Nuo Xu1#, Weijian Liu2, Wei Li3, Wenyao Mak1, Tian He3, Hongjuan Qin2, Shuihua Lu2, Xiaoqiang Xiang1, Peize Zhang2, Xiao Zhu1*
1 Department of Clinical Pharmacy and Pharmacy Administration, School of Pharmacy, Fudan University, Shanghai, China 2 Department of Pulmonary Medicine & Tuberculosis, The Third People’s Hospital of Shenzhen, National Clinical Research Center for Infectious Disease, Southern University of Science and Technology, Shenzhen, China 3 Department of Pharmacy, The Third People’s Hospital of Shenzhen, National Clinical Research Center for Infectious Disease, Southern University of Science and Technology, Shenzhen, China
Introduction
Current treatment of latent tuberculosis infection (LTBI) include combined rifapentine (RFT) and isoniazid daily treatment for one month (1HP) that is suitable for children and adolescent[1,2]. Dosing in pediatrics is typically performed based on body size, but this may be unsuitable for rifapentine. A recent meta-analysis [3] advised a flat-dosing RFT for non-Chinese adults, cautioning against underexposure with weight-based dosing. Nonetheless, the finding could not be extrapolated into pediatrics and non-Caucasian population. In addition, the safety of RFT particularly on liver functions, warranted further investigation given its structural similarity to hepatotoxic rifampicin.
Objective
- To develop a population pharmacokinetic-toxicity (PopPK-TX) model of RFT in Chinese children to explore the safety and efficacy of 1HP regimen
- To propose an optimal dose algorithm for Chinese pediatric patients with LTBI
Method
An open-label clinical trial was conducted on LTBI subjects below 13 years old. A conservative weight-based approach was used, prescribing 15mg/kg RFT for 28 days, capped at 600mg daily (all subjects >40kg received a fixed 600mg dose). At this stage, total bilirubin (TBIL) was a biomarker under investigation and was not considered in dose-calculation. Regular weekly clinic follow-ups were performed. Statistically significant biomarkers will be concurrently considered for inclusion in the PopPK-TX model with RFT concentrations.

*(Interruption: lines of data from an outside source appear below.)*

(* Let $\phi(\mathbf x,\theta)=\arccos\big((\operatorname{trace}(\theta^\top\mathbf x)-1)/2\big)$ for $\mathbf x,\theta\in\mathrm{SO}(3)$, and let $h\colon L^\infty(\mathrm{SO}(3))\to\mathbb R$ be bounded (maps bounded sets to bounded sets) with $h(g\circ\psi)=h(g)$ for all $g\in L^\infty(\mathrm{SO}(3))$ and every bijection $\psi\colon\mathrm{SO}(3)\to\mathrm{SO}(3)$. Let $\mu_0,\nu_0\in\mathcal P^+_{\phi,c}(\mathrm{SO}(3))$ satisfy $\mathcal N_{h,\phi}[\mu_0]\neq\mathcal N_{h,\phi}[\nu_0]$ and consider $$\mathbb F=\{(\mathbf R\cdot)_\#\mu_0:\mathbf R\in\mathrm{SO}(3)\},\qquad \mathbb G=\{(\mathbf R\cdot)_\#\nu_0:\mathbf R\in\mathrm{SO}(3)\}.$$ Then $\mathbb F,\mathbb G\subset\mathcal P^+_{\phi,c}(\mathrm{SO}(3))$, and $\mathcal N_{h,\phi}[\mathbb F]$ and $\mathcal N_{h,\phi}[\mathbb G]$ are linearly separable in $L^\infty_\rho(\mathbb R)$.
   Context: For $\theta\in\mathrm{SO}(3)$ and a finite Borel measure $\mu$ on $\mathrm{SO}(3)$, the restricted Radon transform on $\mathrm{SO}(3)$ is $\mathcal R_{\phi,\theta}[\mu]=(\phi(\cdot,\theta))_\#\mu$. Fix a reference Borel probability measure $\rho$ on $\mathbb R$ without atoms. For a probability measure $\nu$ on $\mathbb R$ with $F_\nu(t)=\nu((-\infty,t])$, let $F_\nu^{[-1]}(t)=\inf\{s:F_\nu(s)>t\}$ and the CDT $\hat\nu=F_\nu^{[-1]}\circ F_\rho$; $\widehat{\mathcal R}_{\phi,\theta}[\mu]$ is the CDT of $\mathcal R_{\phi,\theta}[\mu]$. For $g\in L^2_\rho(\mathbb R)$, $\operatorname{mean}(g)=\int g\,\mathrm d\rho$, $\operatorname{std}(g)=(\int|g-\operatorname{mean}(g)|^2\mathrm d\rho)^{1/2}$; for a probability measure on $\mathbb R$, $\operatorname{std}$ is its standard deviation. $\mathcal P^+_{\phi,c}(\mathrm{SO}(3))$ is the set of Borel probability measures $\mu$ on $\mathrm{SO}(3)$ for which there is $c>0$ with $\operatorname{std}(\mathcal R_{\phi,\theta}[\mu])\ge c$ for all $\theta\in\mathrm{SO}(3)$. For such $\mu$, $\mathcal N_\phi[\mu](t,\theta)=\big(\widehat{\mathcal R}_{\phi,\theta}[\mu](t)-\operatorname{mean}(\widehat{\mathcal R}_{\phi,\theta}[\mu])\big)/\operatorname{std}(\widehat{\mathcal R}_{\phi,\theta}[\mu])$ and $\mathcal N_{h,\phi}[\mu](t)=h(\mathcal N_\phi[\mu](t,\cdot))$. Subsets $A,B$ of a normed space $V$ are linearly separable if there exist a continuous linear functional $\ell$ on $V$ and $c\in\mathbb R$ with $\ell>c$ on $A$ and $\ell<c$ on $B$.
   Formalization: The functions $\mathcal N_{h,\phi}[\mu_0]$ and $\mathcal N_{h,\phi}[\nu_0]$ are also assumed Borel measurable, and $\mathcal N_{h,\phi}[\mu_0]\neq\mathcal N_{h,\phi}[\nu_0]$ means that they differ on a set of positive $\rho$-measure. Each condition added here is assumed in the paper as well or is needed for the statement above to hold. *)

theory Defs
  imports "HOL-Analysis.Analysis" "HOL-Probability.Probability"
begin

type_synonym mat3 = "real^3^3"

definition SO3 :: "mat3 set" where
  "SO3 = {A. orthogonal_matrix A \<and> det A = 1}"

definition phi :: "mat3 \<Rightarrow> mat3 \<Rightarrow> real" where
  "phi x \<theta> = arccos ((trace (transpose \<theta> ** x) - 1) / 2)"

definition prob_SO3 :: "mat3 measure \<Rightarrow> bool" where
  "prob_SO3 \<mu> \<longleftrightarrow> sets \<mu> = sets (restrict_space borel SO3) \<and> prob_space \<mu>"

definition radon :: "mat3 measure \<Rightarrow> mat3 \<Rightarrow> real measure" where
  "radon \<mu> \<theta> = distr \<mu> borel (\<lambda>x. phi x \<theta>)"

definition std_meas :: "real measure \<Rightarrow> real" where
  "std_meas \<nu> = sqrt (\<integral>x. (x - (\<integral>y. y \<partial>\<nu>))\<^sup>2 \<partial>\<nu>)"

definition cdf_inv :: "real measure \<Rightarrow> real \<Rightarrow> real" where
  "cdf_inv \<nu> t = Inf {s. cdf \<nu> s > t}"

definition cdt :: "real measure \<Rightarrow> real measure \<Rightarrow> real \<Rightarrow> real" where
  "cdt \<rho> \<nu> = cdf_inv \<nu> \<circ> cdf \<rho>"

definition mean_fn :: "real measure \<Rightarrow> (real \<Rightarrow> real) \<Rightarrow> real" where
  "mean_fn \<rho> g = (\<integral>t. g t \<partial>\<rho>)"

definition std_fn :: "real measure \<Rightarrow> (real \<Rightarrow> real) \<Rightarrow> real" where
  "std_fn \<rho> g = sqrt (\<integral>t. \<bar>g t - mean_fn \<rho> g\<bar>\<^sup>2 \<partial>\<rho>)"

definition P_plus :: "mat3 measure set" where
  "P_plus = {\<mu>. prob_SO3 \<mu> \<and> (\<exists>c>0. \<forall>\<theta>\<in>SO3. std_meas (radon \<mu> \<theta>) \<ge> c)}"

definition N_phi :: "real measure \<Rightarrow> mat3 measure \<Rightarrow> real \<Rightarrow> mat3 \<Rightarrow> real" where
  "N_phi \<rho> \<mu> t \<theta> =
     (cdt \<rho> (radon \<mu> \<theta>) t - mean_fn \<rho> (cdt \<rho> (radon \<mu> \<theta>)))
       / std_fn \<rho> (cdt \<rho> (radon \<mu> \<theta>))"

definition N_h :: "((mat3 \<Rightarrow> real) \<Rightarrow> real) \<Rightarrow> real measure \<Rightarrow> mat3 measure \<Rightarrow> real \<Rightarrow> real" where
  "N_h h \<rho> \<mu> t = h (\<lambda>\<theta>. N_phi \<rho> \<mu> t \<theta>)"

definition rot :: "mat3 \<Rightarrow> mat3 measure \<Rightarrow> mat3 measure" where
  "rot R \<mu> = distr \<mu> (restrict_space borel SO3) (\<lambda>x. R ** x)"

text \<open>Representatives of elements of L^infty_rho(R): Borel measurable, essentially bounded\<close>
definition Linf :: "real measure \<Rightarrow> (real \<Rightarrow> real) set" where
  "Linf \<rho> = {f. f \<in> borel_measurable \<rho> \<and> (\<exists>B. AE t in \<rho>. \<bar>f t\<bar> \<le> B)}"

text \<open>Continuous linear functionals on L^infty_rho(R): linear, and
  |l f| <= C * ||f||_infty, expressed via every a.e. bound B of |f|.\<close>
definition cont_lin_Linf :: "real measure \<Rightarrow> ((real \<Rightarrow> real) \<Rightarrow> real) \<Rightarrow> bool" where
  "cont_lin_Linf \<rho> L \<longleftrightarrow>
     (\<forall>f\<in>Linf \<rho>. \<forall>g\<in>Linf \<rho>. L (\<lambda>t. f t + g t) = L f + L g) \<and>
     (\<forall>a. \<forall>f\<in>Linf \<rho>. L (\<lambda>t. a * f t) = a * L f) \<and>
     (\<exists>C. \<forall>f\<in>Linf \<rho>. \<forall>B. (AE t in \<rho>. \<bar>f t\<bar> \<le> B) \<longrightarrow> \<bar>L f\<bar> \<le> C * B)"

definition lin_separable_Linf :: "real measure \<Rightarrow> (real \<Rightarrow> real) set \<Rightarrow> (real \<Rightarrow> real) set \<Rightarrow> bool" where
  "lin_separable_Linf \<rho> A B \<longleftrightarrow> A \<subseteq> Linf \<rho> \<and> B \<subseteq> Linf \<rho> \<and>
     (\<exists>L c. cont_lin_Linf \<rho> L \<and> (\<forall>f\<in>A. L f > c) \<and> (\<forall>f\<in>B. L f < c))"

end

theory Submission
  imports Defs
begin

text \<open>Left multiplication by \<open>R \<in> SO(3)\<close> only reparametrises the restricted Radon transform,
  \<open>radon (rot R \<mu>) \<theta> = radon \<mu> (R\<^sup>T \<theta>)\<close>, so by the invariance of \<open>h\<close> the function
  \<open>N_h\<close> is constant on each orbit and both sets are singletons. Their elements are essentially
  bounded: for atomless \<open>\<rho>\<close> the CDT is a quantile transform, which pushes \<open>\<rho>\<close> forward to the
  Radon projection. Hence the CDT has the standard deviation of the projection, at least \<open>c\<close>,
  while its values stay in the bounded range of \<open>arccos\<close>. Finally, two bounded functions \<open>f, g\<close>
  that differ on a set of positive measure are separated by \<open>u \<mapsto> \<integral> u sgn (f - g) d\<rho>\<close>.\<close>

section \<open>Distribution functions of atomless measures\<close>

lemma open_downset_eq_lessThan_Sup:
  fixes E :: "real set"
  assumes "open E" "E \<noteq> {}" "bdd_above E" and down_closed: "\<And>y e. y \<le> e \<Longrightarrow> e \<in> E \<Longrightarrow> y \<in> E"
  shows "E = {..<Sup E}"
proof
  have "Sup E \<notin> E"
  proof
    assume "Sup E \<in> E"
    then obtain e where "e > 0" "ball (Sup E) e \<subseteq> E" using \<open>open E\<close> open_contains_ball by blast
    then have "Sup E + e/2 \<in> E" by (auto simp: dist_real_def)
    then have "Sup E + e/2 \<le> Sup E" using \<open>bdd_above E\<close> cSup_upper by blast
    then show False using \<open>e > 0\<close> by simp
  qed
  show "E \<subseteq> {..<Sup E}"
  proof
    fix e assume "e \<in> E"
    then have "e \<le> Sup E" "e \<noteq> Sup E" using cSup_upper[OF _ \<open>bdd_above E\<close>] \<open>Sup E \<notin> E\<close> by auto
    then show "e \<in> {..<Sup E}" by simp
  qed
  show "{..<Sup E} \<subseteq> E"
  proof
    fix y assume "y \<in> {..<Sup E}"
    then obtain e where "e \<in> E" "y < e"
      using less_cSup_iff[OF \<open>E \<noteq> {}\<close> \<open>bdd_above E\<close>] by auto
    then show "y \<in> E" using down_closed[of y e] by simp
  qed
qed

context real_distribution
begin

lemma borel_measurable_cdf [measurable]: "cdf M \<in> borel_measurable borel"
  using borel_measurable_mono cdf_nondecreasing by (simp add: mono_def)

lemma measure_lessThan_eq_cdf:
  assumes "measure M {v} = 0"
  shows "measure M {..<v} = cdf M v"
proof -
  have "{..<v} = {..v} - {v}" by auto
  then have "measure M {..<v} = measure M {..v} - measure M {v}"
    by (simp add: finite_measure_Diff)
  then show ?thesis using assms by (simp add: cdf_def)
qed

lemma measure_cdf_le_le:
  assumes no_atoms: "\<forall>t. measure M {t} = 0" and "0 \<le> a" "a < 1"
  shows "measure M {t. cdf M t \<le> a} \<le> a"
proof (cases "{t. cdf M t \<le> a} = {}")
  case True
  then show ?thesis using \<open>0 \<le> a\<close> by simp
next
  case False
  define D where "D = {t. cdf M t \<le> a}"
  have "closed D"
    unfolding D_def using no_atoms isCont_cdf
    by (intro closed_Collect_le continuous_on_const continuous_at_imp_continuous_on) auto
  have "\<forall>\<^sub>F t in at_top. a < cdf M t"
    using cdf_lim_at_top_prob \<open>a < 1\<close> by (rule order_tendstoD)
  then obtain t1 where "a < cdf M t1"
    by (auto simp: eventually_at_top_linorder)
  have "bdd_above D"
  proof (rule bdd_aboveI)
    show "d \<le> t1" if "d \<in> D" for d
      using that \<open>a < cdf M t1\<close> cdf_nondecreasing[of t1 d] by (force simp: D_def)
  qed
  define u where "u = Sup D"
  have "u \<in> D"
    unfolding u_def using False \<open>bdd_above D\<close> \<open>closed D\<close> by (intro closed_contains_Sup) (auto simp: D_def)
  have "D \<subseteq> {..u}"
    unfolding u_def using \<open>bdd_above D\<close> cSup_upper by auto
  then have "measure M D \<le> cdf M u"
    unfolding cdf_def by (intro finite_measure_mono) auto
  also have "\<dots> \<le> a" using \<open>u \<in> D\<close> by (simp add: D_def)
  finally show ?thesis by (simp add: D_def)
qed

lemma le_measure_cdf_less:
  assumes no_atoms: "\<forall>t. measure M {t} = 0" and "0 \<le> a" "a \<le> 1"
  shows "a \<le> measure M {t. cdf M t < a}"
proof (cases "a = 0 \<or> {t. cdf M t < a} = UNIV")
  case True
  then show ?thesis using \<open>a \<le> 1\<close> prob_space by auto
next
  case False
  define E where "E = {t. cdf M t < a}"
  have "E \<in> events" unfolding E_def events_eq_borel by measurable
  have down_closed: "y \<in> E" if "y \<le> e" "e \<in> E" for y e
    using that cdf_nondecreasing[of y e] by (auto simp: E_def)
  obtain t0 where "t0 \<notin> E" using False by (auto simp: E_def)
  have "bdd_above E"
  proof (rule bdd_aboveI)
    show "e \<le> t0" if "e \<in> E" for e
      using that \<open>t0 \<notin> E\<close> down_closed[of t0 e] by fastforce
  qed
  have "\<forall>\<^sub>F t in at_bot. cdf M t < a"
    using cdf_lim_at_bot False \<open>0 \<le> a\<close> by (intro order_tendstoD) auto
  then obtain t1 where "\<And>t. t \<le> t1 \<Longrightarrow> cdf M t < a"
    by (auto simp: eventually_at_bot_linorder)
  then have "E \<noteq> {}" unfolding E_def by blast
  have "open E"
    unfolding E_def using no_atoms isCont_cdf
    by (intro open_Collect_less continuous_on_const continuous_at_imp_continuous_on) auto
  then have E_eq: "E = {..<Sup E}"
    using \<open>E \<noteq> {}\<close> \<open>bdd_above E\<close> down_closed by (rule open_downset_eq_lessThan_Sup)
  then have "Sup E \<notin> E" by auto
  then have "a \<le> cdf M (Sup E)" by (simp add: E_def)
  also have "\<dots> = measure M E"
    using measure_lessThan_eq_cdf no_atoms by (subst E_eq) simp
  finally show ?thesis by (simp add: E_def)
qed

Non-linear mixed-effects modeling was performed with FOCE-i algorithm for parameter estimation. Considering pediatric physiological features, allometric scaling of clearance (CL) and volume of distribution (V) was tested a priori[4,5]. The final model was graphically evaluated by GoF, VPC plots and bootstrap. Monte Carlo simulation of weight-based (10, 15, 20mg/kg QD) and flat doses (100, 150, 300mg QD) were performed to investigate possible changes in concentrations within the predetermined efficacy and safety window, as well as changes in liver biomarkers.
Results
The study enrolled 36 subjects, median (range) age 4.6 years (0.89-9), weight 16.8kg (8-35). No 1HP-related AEs occurred, and no significant AST/ALT changes (p=0.25/0.33). Total bilirubin (TBIL) showed a statistically significant but not clinically meaningful increase (pre- vs post-treatment, median: 7.9 vs 14.1μmol/L, p<0.05).

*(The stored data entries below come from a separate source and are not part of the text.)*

(* Let $(A,\succ,\prec)$ be an anti-pre-Novikov algebra and $s\in A\otimes A$, and write $T=T_{s+\tau(s)}$. The following are equivalent: (a) $s+\tau(s)$ is invariant; (b) $T(L_{\succ}^*(x)\zeta)+L_{\star}(x)T(\zeta)=0$ and $T(L_{\circ}^*(x)\zeta)+L_{\odot}(x)T(\zeta)=0$ for all $x\in A,\zeta\in A^*$; (c) $L_{\succ}(x)T(\zeta)+T(L_{\star}^*(x)\zeta)=0$ and $T(L_{\odot}^*(x)\zeta)+L_{\circ}(x)T(\zeta)=0$ for all $x\in A,\zeta\in A^*$; (d) $L_{\star}^*(T(\zeta))\eta=R_{\succ}^*(T(\eta))\zeta$ and $R_{\odot}^*(T(\zeta))\eta=R_{\circ}^*(T(\eta))\zeta$ for all $\zeta,\eta\in A^*$.
   Context: $A$ is finite-dimensional over a field $k$. An anti-pre-Novikov algebra is $(A,\succ,\prec)$ such that with $x\circ y=x\succ y+x\prec y$: $(x\circ y-y\circ x)\succ z=y\succ(x\succ z)-x\succ(y\succ z)$; $x\prec(y\circ z)=(y\succ x)\prec z-(x\prec y)\prec z-y\succ(x\prec z)$; $(x\circ y)\succ z=-(x\succ z)\prec y$; $(x\prec y)\prec z=(x\prec z)\prec y$; $(x\circ y-y\circ x)\prec z=x\succ(y\circ z)-y\succ(x\circ z)$. Notation: $L_\ast(x)y=x\ast y$, $R_\ast(x)y=y\ast x$ for $\ast\in\{\succ,\prec,\circ\}$; $L_{\star}=L_{\circ}+R_{\circ}$, $L_{\odot}=L_{\succ}+R_{\prec}$, $R_{\odot}=R_{\succ}+L_{\prec}$; for $f:A\to\mathrm{End}(A)$, $\langle f^*(x)\zeta,y\rangle=-\langle\zeta,f(x)y\rangle$; $\tau$ is the flip; for $r\in A\otimes A$, $T_r:A^*\to A$ is $\langle T_r(\zeta),\eta\rangle=\langle r,\zeta\otimes\eta\rangle$. An element $r\in A\otimes A$ is invariant if $(I\otimes L_{\star}(x)-L_{\succ}(x)\otimes I)r=0$ and $(L_{\circ}(x)\otimes I-I\otimes L_{\odot}(x))r=0$ for all $x\in A$. *)

theory Defs
  imports Main "HOL-Library.Function_Algebras"
begin

text \<open>The finite-dimensional algebra A over the field 'k is represented in
coordinates w.r.t. a basis indexed by the finite type 'n: A = ('n => 'k).
The dual space A* is identified with ('n => 'k) via the pairing below
(coordinates in the dual basis), and A (x) A with ('n => 'n => 'k)
(coefficients w.r.t. e_i (x) e_j). Bilinear products are given by their
structure constants: e_i * e_j = sum_l c i j l e_l.\<close>

definition bvec :: "'n \<Rightarrow> 'n \<Rightarrow> 'k::field" where
  "bvec i = (\<lambda>j. if j = i then 1 else 0)"

definition bilin :: "('n::finite \<Rightarrow> 'n \<Rightarrow> 'n \<Rightarrow> 'k::field) \<Rightarrow> ('n \<Rightarrow> 'k) \<Rightarrow> ('n \<Rightarrow> 'k) \<Rightarrow> ('n \<Rightarrow> 'k)" where
  "bilin c x y = (\<lambda>l. \<Sum>i\<in>UNIV. \<Sum>j\<in>UNIV. x i * y j * c i j l)"

definition pair :: "('n::finite \<Rightarrow> 'k::field) \<Rightarrow> ('n \<Rightarrow> 'k) \<Rightarrow> 'k" where
  "pair \<zeta> y = (\<Sum>i\<in>UNIV. \<zeta> i * y i)"

text \<open>For a linear operator F on A, dual_op F is determined by
<dual_op F zeta, y> = - <zeta, F y>.\<close>
definition dual_op :: "(('n::finite \<Rightarrow> 'k::field) \<Rightarrow> ('n \<Rightarrow> 'k)) \<Rightarrow> ('n \<Rightarrow> 'k) \<Rightarrow> ('n \<Rightarrow> 'k)" where
  "dual_op F \<zeta> = (\<lambda>i. - pair \<zeta> (F (bvec i)))"

definition tmap :: "(('n::finite \<Rightarrow> 'k::field) \<Rightarrow> ('n \<Rightarrow> 'k)) \<Rightarrow> (('n \<Rightarrow> 'k) \<Rightarrow> ('n \<Rightarrow> 'k))
    \<Rightarrow> ('n \<Rightarrow> 'n \<Rightarrow> 'k) \<Rightarrow> ('n \<Rightarrow> 'n \<Rightarrow> 'k)" where
  "tmap F G r = (\<lambda>a b. \<Sum>i\<in>UNIV. \<Sum>j\<in>UNIV. r i j * F (bvec i) a * G (bvec j) b)"

definition flip :: "('n \<Rightarrow> 'n \<Rightarrow> 'k) \<Rightarrow> ('n \<Rightarrow> 'n \<Rightarrow> 'k)" where
  "flip r = (\<lambda>i j. r j i)"

text \<open>T_r : A* -> A with <T_r zeta, eta> = <r, zeta (x) eta>.\<close>
definition Tr :: "('n::finite \<Rightarrow> 'n \<Rightarrow> 'k::field) \<Rightarrow> ('n \<Rightarrow> 'k) \<Rightarrow> ('n \<Rightarrow> 'k)" where
  "Tr r \<zeta> = (\<lambda>j. \<Sum>i\<in>UNIV. r i j * \<zeta> i)"

text \<open>S = structure constants of succ, P = structure constants of prec.\<close>
definition circ :: "('n::finite \<Rightarrow> 'n \<Rightarrow> 'n \<Rightarrow> 'k::field) \<Rightarrow> ('n \<Rightarrow> 'n \<Rightarrow> 'n \<Rightarrow> 'k) \<Rightarrow> ('n \<Rightarrow> 'k) \<Rightarrow> ('n \<Rightarrow> 'k) \<Rightarrow> ('n \<Rightarrow> 'k)" where
  "circ S P x y = bilin S x y + bilin P x y"

definition anti_pre_novikov :: "('n::finite \<Rightarrow> 'n \<Rightarrow> 'n \<Rightarrow> 'k::field) \<Rightarrow> ('n \<Rightarrow> 'n \<Rightarrow> 'n \<Rightarrow> 'k) \<Rightarrow> bool" where
  "anti_pre_novikov S P \<longleftrightarrow> (\<forall>x y z.
     bilin S (circ S P x y - circ S P y x) z = bilin S y (bilin S x z) - bilin S x (bilin S y z)
   \<and> bilin P x (circ S P y z) = bilin P (bilin S y x) z - bilin P (bilin P x y) z - bilin S y (bilin P x z)
   \<and> bilin S (circ S P x y) z = - bilin P (bilin S x z) y
   \<and> bilin P (bilin P x y) z = bilin P (bilin P x z) y
   \<and> bilin P (circ S P x y - circ S P y x) z = bilin S x (circ S P y z) - bilin S y (circ S P x z))"

definition Lsucc where "Lsucc S x = (\<lambda>y. bilin S x y)"
definition Rsucc where "Rsucc S x = (\<lambda>y. bilin S y x)"
definition Lcirc where "Lcirc S P x = (\<lambda>y. circ S P x y)"
definition Rcirc where "Rcirc S P x = (\<lambda>y. circ S P y x)"
definition Lstar where "Lstar S P x = (\<lambda>y. circ S P x y + circ S P y x)"
definition Lodot where "Lodot S P x = (\<lambda>y. bilin S x y + bilin P y x)"
definition Rodot where "Rodot S P x = (\<lambda>y. bilin S y x + bilin P x y)"

definition invariant :: "('n::finite \<Rightarrow> 'n \<Rightarrow> 'n \<Rightarrow> 'k::field) \<Rightarrow> ('n \<Rightarrow> 'n \<Rightarrow> 'n \<Rightarrow> 'k) \<Rightarrow> ('n \<Rightarrow> 'n \<Rightarrow> 'k) \<Rightarrow> bool" where
  "invariant S P r \<longleftrightarrow> (\<forall>x.
     tmap id (Lstar S P x) r - tmap (Lsucc S x) id r = 0
   \<and> tmap (Lcirc S P x) id r - tmap id (Lodot S P x) r = 0)"

end

theory Submission imports Defs begin

text \<open>Nothing beyond linear algebra is needed. For a symmetric tensor r, the tensor equation
(F \<otimes> id) r = (id \<otimes> G) r is equivalent to T_r F* + G T_r = 0, because the map
r \<mapsto> T_r is injective; this gives (a) \<Leftrightarrow> (b). Flipping the tensor exchanges F and G,
which gives (b) \<Leftrightarrow> (c). Finally, pairing (c) with a second functional \<eta> and using
the symmetry \<langle>\<eta>, T_r \<zeta>\<rangle> = \<langle>\<zeta>, T_r \<eta>\<rangle> turns each equation of (c), written as
f(x, T_r \<zeta>) + T_r (g(x, -)* \<zeta>) = 0 for bilinear f and g, into the trilinear identity
\<langle>\<eta>, f(x, T_r \<zeta>)\<rangle> = \<langle>\<zeta>, g(x, T_r \<eta>)\<rangle>; the corresponding equation of (d) is the same
identity read as an equation of functionals in x.\<close>

definition linear_op :: "(('n::finite \<Rightarrow> 'k::field) \<Rightarrow> ('n \<Rightarrow> 'k)) \<Rightarrow> bool" where
  "linear_op F \<longleftrightarrow> (\<forall>y. F y = (\<lambda>a. \<Sum>i\<in>UNIV. y i * F (bvec i) a))"

lemma bvec_mult [simp]:
  "bvec i j * (a::'k::field) = (if j = i then a else 0)"
  "a * bvec i j = (if j = i then a else 0)"
  by (simp_all add: bvec_def)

Due to limited absorption phase data, the absorption model was adopted from the literature[6]. As 93.5% of RFT concentrations (median 16.7 mg/L) in the study significantly exceeded the reported EC90 (5.32mg/L) for autoinduction[3], we assumed complete autoinduction had occurred. This allowed us to simplify the full autoinduction model into the following formula as time-varying CL:
CL = CL0 *[1+ Emax*(1-e-kenz*time)]
Allometric scaling increased AIC by 8.8. Hence, it was not considered for further model development. Both GoF and VPC showed that one-compartment model with transit absorption and time-varying CL could sufficiently describe RFT data and parameters were precisely estimated. Results indicate a maximum 70.4% CL increase due to autoinduction, reaching a plateau by Day 21, aligning with reported 73% increase after 21 days in Hibma et al.[3]. An indirect response model with inhibitory effect of RFT on TBIL elimination could capture the observed kinetic profile of TBIL. The estimated IC50 and Imax for inhibitory effect was 10.8mg/L and 68.8%.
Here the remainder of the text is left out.